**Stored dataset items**
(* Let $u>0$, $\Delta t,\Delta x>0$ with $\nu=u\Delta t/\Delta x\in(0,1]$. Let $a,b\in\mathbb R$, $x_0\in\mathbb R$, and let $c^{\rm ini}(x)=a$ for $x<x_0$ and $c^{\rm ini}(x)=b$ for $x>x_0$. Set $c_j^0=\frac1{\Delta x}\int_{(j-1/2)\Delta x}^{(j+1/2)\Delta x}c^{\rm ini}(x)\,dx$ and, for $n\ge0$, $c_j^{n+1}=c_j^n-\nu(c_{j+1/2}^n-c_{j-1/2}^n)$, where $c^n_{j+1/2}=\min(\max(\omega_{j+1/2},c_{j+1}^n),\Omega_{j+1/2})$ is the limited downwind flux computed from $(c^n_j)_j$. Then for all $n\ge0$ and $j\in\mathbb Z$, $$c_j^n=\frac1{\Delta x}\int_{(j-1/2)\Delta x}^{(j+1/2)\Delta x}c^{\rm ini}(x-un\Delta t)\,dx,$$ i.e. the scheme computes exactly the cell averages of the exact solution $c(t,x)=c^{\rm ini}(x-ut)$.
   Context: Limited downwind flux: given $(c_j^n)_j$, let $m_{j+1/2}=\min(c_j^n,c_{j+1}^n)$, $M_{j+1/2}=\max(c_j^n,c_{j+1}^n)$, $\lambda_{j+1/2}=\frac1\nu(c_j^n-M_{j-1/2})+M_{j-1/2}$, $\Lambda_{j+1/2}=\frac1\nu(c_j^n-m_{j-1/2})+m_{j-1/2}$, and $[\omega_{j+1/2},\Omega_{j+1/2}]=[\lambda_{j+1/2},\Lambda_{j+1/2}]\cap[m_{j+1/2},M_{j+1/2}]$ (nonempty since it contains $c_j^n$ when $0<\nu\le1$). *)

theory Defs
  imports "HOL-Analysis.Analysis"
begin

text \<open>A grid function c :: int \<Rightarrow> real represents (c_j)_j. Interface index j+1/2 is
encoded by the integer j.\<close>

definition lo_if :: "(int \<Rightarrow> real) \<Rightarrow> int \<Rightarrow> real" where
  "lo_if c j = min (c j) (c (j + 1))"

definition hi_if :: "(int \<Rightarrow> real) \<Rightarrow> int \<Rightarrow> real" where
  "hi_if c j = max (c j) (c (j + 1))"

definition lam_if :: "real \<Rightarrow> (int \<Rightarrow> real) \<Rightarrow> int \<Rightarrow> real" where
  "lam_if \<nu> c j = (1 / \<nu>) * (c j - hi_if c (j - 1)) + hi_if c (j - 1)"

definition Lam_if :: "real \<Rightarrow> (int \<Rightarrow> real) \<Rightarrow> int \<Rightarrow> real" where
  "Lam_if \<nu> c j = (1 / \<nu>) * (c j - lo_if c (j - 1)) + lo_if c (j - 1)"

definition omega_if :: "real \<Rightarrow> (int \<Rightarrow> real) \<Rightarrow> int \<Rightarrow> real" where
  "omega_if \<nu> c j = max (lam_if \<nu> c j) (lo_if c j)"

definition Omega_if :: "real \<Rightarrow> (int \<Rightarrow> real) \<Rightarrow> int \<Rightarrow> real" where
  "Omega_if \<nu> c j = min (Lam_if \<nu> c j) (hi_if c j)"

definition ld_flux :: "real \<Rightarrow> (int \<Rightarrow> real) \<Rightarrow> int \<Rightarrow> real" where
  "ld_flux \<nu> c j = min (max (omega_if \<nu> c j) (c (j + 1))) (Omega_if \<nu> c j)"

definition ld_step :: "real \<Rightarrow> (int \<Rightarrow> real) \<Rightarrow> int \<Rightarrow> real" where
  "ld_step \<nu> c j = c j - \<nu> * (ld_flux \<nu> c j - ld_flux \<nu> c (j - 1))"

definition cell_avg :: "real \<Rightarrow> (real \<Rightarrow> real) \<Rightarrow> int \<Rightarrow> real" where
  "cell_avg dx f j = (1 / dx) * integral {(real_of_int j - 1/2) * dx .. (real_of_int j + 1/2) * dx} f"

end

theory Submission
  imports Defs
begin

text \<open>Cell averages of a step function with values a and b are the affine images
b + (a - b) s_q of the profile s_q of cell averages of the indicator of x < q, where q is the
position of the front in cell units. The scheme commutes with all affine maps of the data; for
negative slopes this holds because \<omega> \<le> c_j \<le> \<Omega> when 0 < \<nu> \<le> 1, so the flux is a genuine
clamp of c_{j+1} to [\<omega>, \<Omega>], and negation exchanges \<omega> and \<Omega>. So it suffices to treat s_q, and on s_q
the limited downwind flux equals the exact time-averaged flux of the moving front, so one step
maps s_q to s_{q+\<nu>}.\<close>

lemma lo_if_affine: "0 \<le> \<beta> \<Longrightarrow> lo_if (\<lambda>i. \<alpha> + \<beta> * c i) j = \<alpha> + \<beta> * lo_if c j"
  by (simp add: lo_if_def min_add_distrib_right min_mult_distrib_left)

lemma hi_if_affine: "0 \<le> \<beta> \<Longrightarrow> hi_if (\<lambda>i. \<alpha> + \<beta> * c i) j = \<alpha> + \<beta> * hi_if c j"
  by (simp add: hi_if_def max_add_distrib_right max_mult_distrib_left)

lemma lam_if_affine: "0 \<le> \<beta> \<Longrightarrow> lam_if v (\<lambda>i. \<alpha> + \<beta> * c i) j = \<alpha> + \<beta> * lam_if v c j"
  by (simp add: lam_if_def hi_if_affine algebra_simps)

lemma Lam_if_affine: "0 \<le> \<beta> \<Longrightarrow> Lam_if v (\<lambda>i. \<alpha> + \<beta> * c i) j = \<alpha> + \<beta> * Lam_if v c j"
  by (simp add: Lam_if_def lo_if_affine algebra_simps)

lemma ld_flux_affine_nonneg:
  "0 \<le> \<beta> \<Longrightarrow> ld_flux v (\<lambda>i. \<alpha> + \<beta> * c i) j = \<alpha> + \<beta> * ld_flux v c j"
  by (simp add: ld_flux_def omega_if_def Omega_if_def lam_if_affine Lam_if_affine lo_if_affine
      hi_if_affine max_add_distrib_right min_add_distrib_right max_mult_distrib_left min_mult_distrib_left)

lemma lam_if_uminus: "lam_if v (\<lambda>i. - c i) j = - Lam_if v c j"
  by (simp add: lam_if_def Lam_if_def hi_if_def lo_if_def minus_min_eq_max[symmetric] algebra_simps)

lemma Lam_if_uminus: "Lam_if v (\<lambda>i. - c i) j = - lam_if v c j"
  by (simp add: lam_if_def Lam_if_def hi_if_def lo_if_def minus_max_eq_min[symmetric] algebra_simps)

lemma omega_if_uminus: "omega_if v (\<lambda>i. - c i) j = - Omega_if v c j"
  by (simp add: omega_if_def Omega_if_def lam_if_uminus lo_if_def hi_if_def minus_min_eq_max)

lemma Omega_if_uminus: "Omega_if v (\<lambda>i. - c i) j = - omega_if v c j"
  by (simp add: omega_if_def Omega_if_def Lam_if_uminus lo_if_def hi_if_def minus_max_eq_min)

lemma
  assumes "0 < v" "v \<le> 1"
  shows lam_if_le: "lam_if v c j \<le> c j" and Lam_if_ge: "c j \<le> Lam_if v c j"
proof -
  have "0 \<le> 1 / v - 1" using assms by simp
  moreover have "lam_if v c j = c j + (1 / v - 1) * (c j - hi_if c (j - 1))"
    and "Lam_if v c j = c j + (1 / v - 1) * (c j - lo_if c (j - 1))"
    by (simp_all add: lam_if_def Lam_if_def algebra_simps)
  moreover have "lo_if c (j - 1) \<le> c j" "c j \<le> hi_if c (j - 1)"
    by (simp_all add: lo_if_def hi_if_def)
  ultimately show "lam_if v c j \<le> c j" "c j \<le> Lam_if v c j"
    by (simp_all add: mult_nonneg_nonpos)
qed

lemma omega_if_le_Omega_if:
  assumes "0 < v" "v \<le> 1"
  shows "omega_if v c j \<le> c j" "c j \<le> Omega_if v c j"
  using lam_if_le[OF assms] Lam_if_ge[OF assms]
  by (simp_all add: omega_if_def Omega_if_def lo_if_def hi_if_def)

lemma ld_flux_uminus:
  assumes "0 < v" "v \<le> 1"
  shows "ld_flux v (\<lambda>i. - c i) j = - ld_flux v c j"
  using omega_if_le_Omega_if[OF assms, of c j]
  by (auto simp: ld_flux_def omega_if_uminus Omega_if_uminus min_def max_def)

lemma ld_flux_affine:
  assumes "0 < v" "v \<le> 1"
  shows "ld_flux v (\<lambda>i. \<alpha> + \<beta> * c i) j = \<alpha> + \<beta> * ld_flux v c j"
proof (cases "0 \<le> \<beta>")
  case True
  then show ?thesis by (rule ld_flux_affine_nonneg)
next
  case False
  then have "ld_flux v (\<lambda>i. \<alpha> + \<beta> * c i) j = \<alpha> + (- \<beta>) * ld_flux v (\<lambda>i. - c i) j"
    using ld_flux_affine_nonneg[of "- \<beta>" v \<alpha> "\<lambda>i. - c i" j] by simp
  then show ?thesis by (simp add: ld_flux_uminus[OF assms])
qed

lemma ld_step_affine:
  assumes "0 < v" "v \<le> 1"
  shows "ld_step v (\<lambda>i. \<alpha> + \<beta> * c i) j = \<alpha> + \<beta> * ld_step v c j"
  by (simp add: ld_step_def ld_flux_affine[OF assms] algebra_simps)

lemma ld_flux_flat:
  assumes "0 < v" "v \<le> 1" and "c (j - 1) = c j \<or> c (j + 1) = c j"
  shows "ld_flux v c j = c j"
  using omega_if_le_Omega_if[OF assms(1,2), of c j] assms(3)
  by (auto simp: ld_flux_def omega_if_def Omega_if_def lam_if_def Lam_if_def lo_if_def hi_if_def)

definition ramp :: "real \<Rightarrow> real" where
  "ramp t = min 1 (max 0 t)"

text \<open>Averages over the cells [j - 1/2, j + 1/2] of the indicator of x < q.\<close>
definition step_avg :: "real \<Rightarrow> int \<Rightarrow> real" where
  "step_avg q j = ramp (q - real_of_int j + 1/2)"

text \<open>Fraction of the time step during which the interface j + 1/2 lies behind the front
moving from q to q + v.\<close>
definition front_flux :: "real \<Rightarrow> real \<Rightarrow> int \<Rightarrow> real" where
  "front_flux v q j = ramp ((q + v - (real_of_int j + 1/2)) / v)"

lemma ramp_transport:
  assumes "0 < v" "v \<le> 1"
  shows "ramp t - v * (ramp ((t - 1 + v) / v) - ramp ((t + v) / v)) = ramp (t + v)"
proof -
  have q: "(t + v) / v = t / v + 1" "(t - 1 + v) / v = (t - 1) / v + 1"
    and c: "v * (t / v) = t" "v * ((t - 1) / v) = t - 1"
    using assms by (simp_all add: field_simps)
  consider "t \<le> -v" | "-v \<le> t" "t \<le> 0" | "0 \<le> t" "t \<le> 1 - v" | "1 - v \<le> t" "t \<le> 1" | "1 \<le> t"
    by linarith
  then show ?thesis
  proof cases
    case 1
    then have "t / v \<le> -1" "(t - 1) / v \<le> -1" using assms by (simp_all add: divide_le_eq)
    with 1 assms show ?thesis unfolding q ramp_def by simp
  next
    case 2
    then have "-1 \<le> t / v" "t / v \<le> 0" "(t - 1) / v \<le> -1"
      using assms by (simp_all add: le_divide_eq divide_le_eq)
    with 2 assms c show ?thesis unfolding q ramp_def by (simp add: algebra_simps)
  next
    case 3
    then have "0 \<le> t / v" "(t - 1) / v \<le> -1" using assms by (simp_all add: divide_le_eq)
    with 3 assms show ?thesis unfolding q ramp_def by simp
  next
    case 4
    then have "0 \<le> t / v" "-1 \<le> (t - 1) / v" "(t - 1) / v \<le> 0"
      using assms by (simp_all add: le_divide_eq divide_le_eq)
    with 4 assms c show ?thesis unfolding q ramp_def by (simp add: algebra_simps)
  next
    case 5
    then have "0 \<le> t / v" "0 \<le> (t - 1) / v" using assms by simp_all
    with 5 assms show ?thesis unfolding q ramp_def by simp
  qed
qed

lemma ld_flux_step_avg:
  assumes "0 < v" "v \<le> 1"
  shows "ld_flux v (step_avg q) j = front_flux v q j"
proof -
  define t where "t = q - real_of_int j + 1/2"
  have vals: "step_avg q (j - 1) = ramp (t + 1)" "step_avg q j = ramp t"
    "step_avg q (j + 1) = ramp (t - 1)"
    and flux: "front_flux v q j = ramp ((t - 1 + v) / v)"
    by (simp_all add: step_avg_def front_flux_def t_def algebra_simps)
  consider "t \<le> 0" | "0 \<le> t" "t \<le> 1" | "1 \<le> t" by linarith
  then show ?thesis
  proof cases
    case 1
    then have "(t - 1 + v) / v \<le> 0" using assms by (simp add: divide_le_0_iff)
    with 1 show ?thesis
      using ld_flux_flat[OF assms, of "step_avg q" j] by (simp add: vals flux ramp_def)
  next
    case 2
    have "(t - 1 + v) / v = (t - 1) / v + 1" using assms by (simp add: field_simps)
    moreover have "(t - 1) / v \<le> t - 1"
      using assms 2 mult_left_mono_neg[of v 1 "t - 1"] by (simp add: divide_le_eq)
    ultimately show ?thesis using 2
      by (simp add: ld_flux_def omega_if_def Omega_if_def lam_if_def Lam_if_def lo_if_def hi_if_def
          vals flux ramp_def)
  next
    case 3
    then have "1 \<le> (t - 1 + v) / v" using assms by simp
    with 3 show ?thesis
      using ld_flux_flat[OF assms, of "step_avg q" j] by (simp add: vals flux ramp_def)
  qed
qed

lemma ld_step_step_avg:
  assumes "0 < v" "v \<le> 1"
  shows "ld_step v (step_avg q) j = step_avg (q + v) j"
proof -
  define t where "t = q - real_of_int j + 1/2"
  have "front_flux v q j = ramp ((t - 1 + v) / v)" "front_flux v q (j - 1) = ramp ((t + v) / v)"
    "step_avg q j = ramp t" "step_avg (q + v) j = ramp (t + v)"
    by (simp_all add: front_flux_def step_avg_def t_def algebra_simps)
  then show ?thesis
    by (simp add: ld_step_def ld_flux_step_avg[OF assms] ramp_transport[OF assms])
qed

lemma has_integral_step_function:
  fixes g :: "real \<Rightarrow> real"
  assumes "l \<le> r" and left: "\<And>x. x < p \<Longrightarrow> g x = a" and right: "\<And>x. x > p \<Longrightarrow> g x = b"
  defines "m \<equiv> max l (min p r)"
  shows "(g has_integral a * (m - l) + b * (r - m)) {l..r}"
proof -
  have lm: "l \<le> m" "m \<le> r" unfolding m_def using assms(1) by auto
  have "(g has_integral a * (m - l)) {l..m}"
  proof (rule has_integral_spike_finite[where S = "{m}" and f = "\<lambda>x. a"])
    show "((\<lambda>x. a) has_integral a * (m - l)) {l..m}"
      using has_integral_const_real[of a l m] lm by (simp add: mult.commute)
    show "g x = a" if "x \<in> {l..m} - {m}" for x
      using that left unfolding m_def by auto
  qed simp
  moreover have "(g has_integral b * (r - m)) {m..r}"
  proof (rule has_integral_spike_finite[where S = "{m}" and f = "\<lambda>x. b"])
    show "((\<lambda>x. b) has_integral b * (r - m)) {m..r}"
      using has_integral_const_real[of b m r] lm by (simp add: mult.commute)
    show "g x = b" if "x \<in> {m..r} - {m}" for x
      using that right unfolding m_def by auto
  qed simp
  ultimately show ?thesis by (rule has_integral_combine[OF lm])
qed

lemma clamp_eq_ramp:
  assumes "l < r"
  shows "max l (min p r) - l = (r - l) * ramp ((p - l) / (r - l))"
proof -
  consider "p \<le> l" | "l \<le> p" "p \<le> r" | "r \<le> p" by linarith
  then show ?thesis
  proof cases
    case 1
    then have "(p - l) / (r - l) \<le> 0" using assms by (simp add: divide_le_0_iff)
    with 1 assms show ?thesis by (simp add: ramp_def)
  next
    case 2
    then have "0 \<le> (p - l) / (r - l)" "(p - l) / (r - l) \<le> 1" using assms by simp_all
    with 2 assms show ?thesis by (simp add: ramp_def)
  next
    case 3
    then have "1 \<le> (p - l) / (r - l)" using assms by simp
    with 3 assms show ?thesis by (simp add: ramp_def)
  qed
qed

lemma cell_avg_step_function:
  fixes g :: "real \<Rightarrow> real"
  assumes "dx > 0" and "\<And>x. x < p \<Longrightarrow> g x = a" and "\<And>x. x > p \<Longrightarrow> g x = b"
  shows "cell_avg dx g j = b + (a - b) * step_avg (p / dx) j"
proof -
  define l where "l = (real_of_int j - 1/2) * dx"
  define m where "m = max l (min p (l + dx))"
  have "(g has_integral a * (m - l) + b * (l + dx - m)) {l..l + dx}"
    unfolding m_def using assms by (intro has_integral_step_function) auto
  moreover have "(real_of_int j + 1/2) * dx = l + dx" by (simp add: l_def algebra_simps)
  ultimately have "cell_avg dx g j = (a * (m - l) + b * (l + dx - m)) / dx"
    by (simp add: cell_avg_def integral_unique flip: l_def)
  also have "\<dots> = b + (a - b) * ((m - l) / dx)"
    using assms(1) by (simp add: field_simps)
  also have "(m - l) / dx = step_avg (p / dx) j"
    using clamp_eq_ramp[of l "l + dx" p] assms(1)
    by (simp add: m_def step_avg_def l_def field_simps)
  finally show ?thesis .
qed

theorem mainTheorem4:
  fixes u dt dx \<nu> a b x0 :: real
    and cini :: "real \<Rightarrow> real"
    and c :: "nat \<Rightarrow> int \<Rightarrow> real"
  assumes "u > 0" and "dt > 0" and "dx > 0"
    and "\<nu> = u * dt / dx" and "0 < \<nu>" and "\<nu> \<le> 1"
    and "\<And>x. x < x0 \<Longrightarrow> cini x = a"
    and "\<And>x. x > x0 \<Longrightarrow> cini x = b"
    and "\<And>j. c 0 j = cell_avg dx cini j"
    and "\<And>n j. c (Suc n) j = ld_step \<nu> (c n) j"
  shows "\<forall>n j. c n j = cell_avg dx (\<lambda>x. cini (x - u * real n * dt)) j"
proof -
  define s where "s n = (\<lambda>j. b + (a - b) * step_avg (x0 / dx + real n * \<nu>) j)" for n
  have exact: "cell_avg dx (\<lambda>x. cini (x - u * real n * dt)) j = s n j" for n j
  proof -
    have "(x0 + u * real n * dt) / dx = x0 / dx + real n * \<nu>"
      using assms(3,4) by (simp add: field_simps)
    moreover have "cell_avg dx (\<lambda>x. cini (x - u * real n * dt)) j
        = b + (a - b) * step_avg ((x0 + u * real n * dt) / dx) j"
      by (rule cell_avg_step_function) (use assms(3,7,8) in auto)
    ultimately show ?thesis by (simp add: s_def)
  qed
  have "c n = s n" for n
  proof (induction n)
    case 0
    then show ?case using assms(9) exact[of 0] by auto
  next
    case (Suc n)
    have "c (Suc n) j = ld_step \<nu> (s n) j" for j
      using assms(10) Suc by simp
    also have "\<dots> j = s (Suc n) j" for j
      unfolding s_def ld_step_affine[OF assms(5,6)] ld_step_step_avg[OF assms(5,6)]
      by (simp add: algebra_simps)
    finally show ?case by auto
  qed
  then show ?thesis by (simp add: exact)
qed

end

**WHAT YOU WILL DO**
Repeat exactly, please, each line from the beginning of the data through the line with "encoded by the integer j.\<close>" in it, and only those lines.

**ANSWER BELOW**
(* Let $u>0$, $\Delta t,\Delta x>0$ with $\nu=u\Delta t/\Delta x\in(0,1]$. Let $a,b\in\mathbb R$, $x_0\in\mathbb R$, and let $c^{\rm ini}(x)=a$ for $x<x_0$ and $c^{\rm ini}(x)=b$ for $x>x_0$. Set $c_j^0=\frac1{\Delta x}\int_{(j-1/2)\Delta x}^{(j+1/2)\Delta x}c^{\rm ini}(x)\,dx$ and, for $n\ge0$, $c_j^{n+1}=c_j^n-\nu(c_{j+1/2}^n-c_{j-1/2}^n)$, where $c^n_{j+1/2}=\min(\max(\omega_{j+1/2},c_{j+1}^n),\Omega_{j+1/2})$ is the limited downwind flux computed from $(c^n_j)_j$. Then for all $n\ge0$ and $j\in\mathbb Z$, $$c_j^n=\frac1{\Delta x}\int_{(j-1/2)\Delta x}^{(j+1/2)\Delta x}c^{\rm ini}(x-un\Delta t)\,dx,$$ i.e. the scheme computes exactly the cell averages of the exact solution $c(t,x)=c^{\rm ini}(x-ut)$.
   Context: Limited downwind flux: given $(c_j^n)_j$, let $m_{j+1/2}=\min(c_j^n,c_{j+1}^n)$, $M_{j+1/2}=\max(c_j^n,c_{j+1}^n)$, $\lambda_{j+1/2}=\frac1\nu(c_j^n-M_{j-1/2})+M_{j-1/2}$, $\Lambda_{j+1/2}=\frac1\nu(c_j^n-m_{j-1/2})+m_{j-1/2}$, and $[\omega_{j+1/2},\Omega_{j+1/2}]=[\lambda_{j+1/2},\Lambda_{j+1/2}]\cap[m_{j+1/2},M_{j+1/2}]$ (nonempty since it contains $c_j^n$ when $0<\nu\le1$). *)

theory Defs
  imports "HOL-Analysis.Analysis"
begin

text \<open>A grid function c :: int \<Rightarrow> real represents (c_j)_j. Interface index j+1/2 is
encoded by the integer j.\<close>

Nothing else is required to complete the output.